■ **WHAT YOU ARE ASKED TO DO**:
Your answer must consist solely of the lines from the start of the entries below through the line with "('a, 'c) monoid_scheme", unchanged.

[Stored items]
:::

text \<open>A skew brace: two group structures G (additive, A_plus) and M (multiplicative, A_odot)
  on the same carrier satisfying a(b+c) = ab - a + ac.\<close>
definition skew_brace :: "('a, 'b) monoid_scheme \<Rightarrow> ('a, 'c) monoid_scheme \<Rightarrow> bool" where
  "skew_brace G M \<longleftrightarrow> group G \<and> group M \<and> carrier M = carrier G \<and>
     (\<forall>a\<in>carrier G. \<forall>b\<in>carrier G. \<forall>c\<in>carrier G.
        a \<otimes>\<^bsub>M\<^esub> (b \<otimes>\<^bsub>G\<^esub> c)
        = (a \<otimes>\<^bsub>M\<^esub> b) \<otimes>\<^bsub>G\<^esub> inv\<^bsub>G\<^esub> a \<otimes>\<^bsub>G\<^esub> (a \<otimes>\<^bsub>M\<^esub> c))"

definition characteristic_subgroup :: "'a set \<Rightarrow> ('a, 'b) monoid_scheme \<Rightarrow> bool" where
  "characteristic_subgroup H G \<longleftrightarrow> subgroup H G \<and> (\<forall>f \<in> iso G G. f ` H = H)"

definition centralizer :: "('a, 'b) monoid_scheme \<Rightarrow> 'a set \<Rightarrow> 'a set" where
  "centralizer G H = {x \<in> carrier G. \<forall>h\<in>H. x \<otimes>\<^bsub>G\<^esub> h = h \<otimes>\<^bsub>G\<^esub> x}"

text \<open>Derived series indexed from 1: G^(1) = G, G^(i+1) = [G^(i), G^(i)].\<close>
definition derived_term :: "('a, 'b) monoid_scheme \<Rightarrow> nat \<Rightarrow> 'a set" where
  "derived_term G i = (derived G ^^ (i - 1)) (carrier G)"

end

theory Submission
  imports Defs
begin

:::

■ **OUTPUT FOR THIS TASK**:
text \<open>A skew brace: two group structures G (additive, A_plus) and M (multiplicative, A_odot)
  on the same carrier satisfying a(b+c) = ab - a + ac.\<close>
definition skew_brace :: "('a, 'b) monoid_scheme \<Rightarrow> ('a, 'c) monoid_scheme \<Rightarrow> bool" where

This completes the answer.